旧居留地十五番館の前で、建物への思いを語る野澤太一郎さん=2013年12月、神戸市中央区浪花町

 23日に89歳で亡くなったノザワ(神戸市中央区)元社長の野澤太一郎さんは、地元神戸を愛した経済人だった。活躍のフィールドはビジネスにとどまらず、まちづくり、芸術、プロ野球と幅広かった。

 1958年、野澤石綿セメント(現ノザワ)に入社し、67年に社長に就いた。本社とした神戸・旧居留地の洋館「十五番館」の永久保存を決意し、89年に国から重要文化財の指定を受けた。

 92年には旧居留地にオフィスや店舗を構える企業の「旧居留地連絡協議会」の会長に就任。95年1月の阪神・淡路大震災では、自社の十五番館を含む22棟のビルが全壊するなど大きな被害を受けたが、翌月に緊急会議を開いて対応を話し合うなど、復興にリーダーシップを発揮した。

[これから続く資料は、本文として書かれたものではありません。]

lemma admits_3_2_factorization_iff:
  "admits_3_2_factorization n a b \<longleftrightarrow>
     (\<exists>p q y s. 1 < q \<and> coprime p q \<and> p * q = 2 * n \<and> even p \<and>
        1 \<le> y \<and> 2 * y < p \<and> 1 \<le> s \<and> 2 * s < q \<and> {q * y, n, p * s} = {a, b, n})"
proof
  assume "admits_3_2_factorization n a b"
  then obtain p q R S where pq: "1 < p" "1 < q" "coprime p q" "p * q = 2 * n"
    and R: "\<forall>r\<in>R. 1 \<le> r \<and> 2 * r \<le> p" and S: "\<forall>s\<in>S. 1 \<le> s \<and> 2 * s \<le> q"
    and img: "(\<lambda>r. q * r) ` R \<union> (\<lambda>s. p * s) ` S = {a, b, n}"
    and "circ_regular p R 3" "circ_regular q S 2"
    unfolding admits_3_2_factorization_def by blast
  have "0 < p" "0 < q" using pq by simp_all
  from \<open>circ_regular p R 3\<close> obtain x y where xy: "R = {x, y}" "2 * x = p" "2 * y < p"
    unfolding circ_regular_3_iff[OF \<open>0 < p\<close> R] by blast
  from \<open>circ_regular q S 2\<close> obtain s where s: "S = {s}" "2 * s < q"
    unfolding circ_regular_2_iff[OF \<open>0 < q\<close> S] by blast
  have "q * x = n" using pq(4) xy(2) by auto
  then have "(\<lambda>r. q * r) ` R \<union> (\<lambda>s. p * s) ` S = {q * y, n, p * s}" using xy s by auto
  with img have "{q * y, n, p * s} = {a, b, n}" by simp
  moreover have "1 \<le> y" "1 \<le> s" using R S xy s by auto
  moreover have "even p" using xy(2) by auto
  ultimately show "\<exists>p q y s. 1 < q \<and> coprime p q \<and> p * q = 2 * n \<and> even p \<and>
      1 \<le> y \<and> 2 * y < p \<and> 1 \<le> s \<and> 2 * s < q \<and> {q * y, n, p * s} = {a, b, n}"
    using pq xy s by blast
next
  assume "\<exists>p q y s. 1 < q \<and> coprime p q \<and> p * q = 2 * n \<and> even p \<and>
      1 \<le> y \<and> 2 * y < p \<and> 1 \<le> s \<and> 2 * s < q \<and> {q * y, n, p * s} = {a, b, n}"
  then obtain p q y s where pq: "1 < q" "coprime p q" "p * q = 2 * n" "even p"
    and y: "1 \<le> y" "2 * y < p" and s: "1 \<le> s" "2 * s < q"
    and abn: "{q * y, n, p * s} = {a, b, n}"
    by blast
  have "1 < p" "0 < p" "0 < q" using y pq(1) by simp_all
  obtain x where x: "p = 2 * x" using \<open>even p\<close> ..
  with pq(3) have "q * x = n" by (simp add: mult.commute)
  define R where "R = {x, y}"
  define S where "S = {s}"
  have R: "\<forall>r\<in>R. 1 \<le> r \<and> 2 * r \<le> p" and S: "\<forall>s\<in>S. 1 \<le> s \<and> 2 * s \<le> q"
    using y s x by (auto simp: R_def S_def)
  have "circ_regular p R 3"
    unfolding circ_regular_3_iff[OF \<open>0 < p\<close> R] using x y(2) R_def by blast
  moreover have "circ_regular q S 2"
    unfolding circ_regular_2_iff[OF \<open>0 < q\<close> S] using s(2) S_def by blast
  moreover have "(\<lambda>r. q * r) ` R \<union> (\<lambda>s. p * s) ` S = {q * y, n, p * s}"
    using \<open>q * x = n\<close> by (auto simp: R_def S_def)
  with abn have "(\<lambda>r. q * r) ` R \<union> (\<lambda>s. p * s) ` S = {a, b, n}" by simp
  ultimately show "admits_3_2_factorization n a b"
    unfolding admits_3_2_factorization_def using \<open>1 < p\<close> pq(1-3) R S by blast
qed

lemma divisors_if_admits_3_2_factorization:
  assumes "admits_3_2_factorization n a b"
    and "a \<noteq> b" "a < n" "b < n" "odd b"
  shows "\<exists>p q. p > 2 \<and> 1 < q \<and> q < n \<and> p dvd a \<and> q dvd b \<and> p * q = 2 * n \<and> gcd p q = 1"
proof -
  obtain p q y s where "1 < q" "coprime p q" "p * q = 2 * n" "even p"
    and "1 \<le> y" "2 * y < p" and abn: "{q * y, n, p * s} = {a, b, n}"
    using assms(1) unfolding admits_3_2_factorization_iff by blast
  have "b \<in> {q * y, n, p * s}" "a \<in> {q * y, n, p * s}" unfolding abn by simp_all
  then have "q dvd b" "p dvd a"
    using \<open>even p\<close> assms(2-5) by auto
  moreover have "4 \<le> p" using \<open>1 \<le> y\<close> \<open>2 * y < p\<close> \<open>even p\<close> by presburger
  then have "q * 4 \<le> 2 * n" using \<open>p * q = 2 * n\<close> by (metis mult.commute mult_le_mono2)
  then have "q < n" using \<open>1 < q\<close> by linarith
  moreover have "gcd p q = 1" using \<open>coprime p q\<close> by simp
  ultimately have "p > 2 \<and> 1 < q \<and> q < n \<and> p dvd a \<and> q dvd b \<and> p * q = 2 * n \<and> gcd p q = 1"
    using \<open>4 \<le> p\<close> \<open>1 < q\<close> \<open>p * q = 2 * n\<close> by simp
  then show ?thesis by (intro exI)
qed

lemma admits_3_2_factorization_if_divisors:
  assumes "1 < q" "p * q = 2 * n" "coprime p q" "p dvd a" "q dvd b"
    and "0 < a" "a < n" "0 < b" "b < n" "odd b"
  shows "admits_3_2_factorization n a b"
proof -
  obtain y s where b: "b = q * y" and a: "a = p * s" using assms(4,5) by (auto elim!: dvdE)
  have "odd q" using \<open>odd b\<close> b by simp
  then have "even p" using \<open>p * q = 2 * n\<close> by (metis dvd_triv_left even_mult_iff)
  have "q * (2 * y) < q * p" using b \<open>p * q = 2 * n\<close> \<open>b < n\<close> by (simp add: ac_simps)
  moreover have "p * (2 * s) < p * q" using a \<open>p * q = 2 * n\<close> \<open>a < n\<close> by (simp add: ac_simps)
  ultimately have "2 * y < p" "2 * s < q" by simp_all
  moreover have "1 \<le> y" "1 \<le> s" using a b \<open>0 < a\<close> \<open>0 < b\<close> by simp_all
  moreover have "{q * y, n, p * s} = {a, b, n}" using a b by auto
  ultimately have "1 < q \<and> coprime p q \<and> p * q = 2 * n \<and> even p \<and>
      1 \<le> y \<and> 2 * y < p \<and> 1 \<le> s \<and> 2 * s < q \<and> {q * y, n, p * s} = {a, b, n}"
    using assms(1-3) \<open>even p\<close> by blast
  then show ?thesis unfolding admits_3_2_factorization_iff by (intro exI)
qed

theorem theorem31:
  fixes n a b :: nat
  assumes "n > 0" and "even n"
    and "a \<noteq> b" and "0 < a" and "a < n" and "0 < b" and "b < n"
    and "even a" and "odd b"
  shows "admits_3_2_factorization n a b \<longleftrightarrow>
         (\<exists>p q :: nat. p > 2 \<and> 1 < q \<and> q < n \<and> p dvd a \<and> q dvd b \<and>
            p * q = 2 * n \<and> gcd p q = 1)"
proof
  assume "admits_3_2_factorization n a b"
  then show "\<exists>p q. p > 2 \<and> 1 < q \<and> q < n \<and> p dvd a \<and> q dvd b \<and> p * q = 2 * n \<and> gcd p q = 1"
    using assms(3,5,7,9) by (rule divisors_if_admits_3_2_factorization)
next
  assume "\<exists>p q. p > 2 \<and> 1 < q \<and> q < n \<and> p dvd a \<and> q dvd b \<and> p * q = 2 * n \<and> gcd p q = 1"
  then obtain p q where "1 < q" "p * q = 2 * n" "coprime p q" "p dvd a" "q dvd b"
    by (auto simp: coprime_iff_gcd_eq_1)
  then show "admits_3_2_factorization n a b"
    using assms(4-7,9) by (rule admits_3_2_factorization_if_divisors)
qed

end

 兵庫経済界の絵画愛好家とは「ルネッサンス会」を結成して油彩の筆を執り、クラシック音楽の演奏会にも足を運んだ。

 一方で、神戸に本拠を置いたプロ野球オリックス・ブルーウェーブの後援会長も務め、95年のパ・リーグ制覇と96年の日本一を見届けた。2004年にオリックスと近鉄の球団合併問題が持ち上がった際は、ファンの先頭に立って本拠地を神戸に残すよう球団側に訴えた。

 野澤氏が27年間務めた旧居留地連絡協議会の会長職を引き継いだ松岡辰弥・松岡不動産社長(57)は「温和で人望が厚く、いつも会員同士の親睦に心を配っておられた。まだまだ多くのことを教えてほしかった」としのんだ。(高見雄樹)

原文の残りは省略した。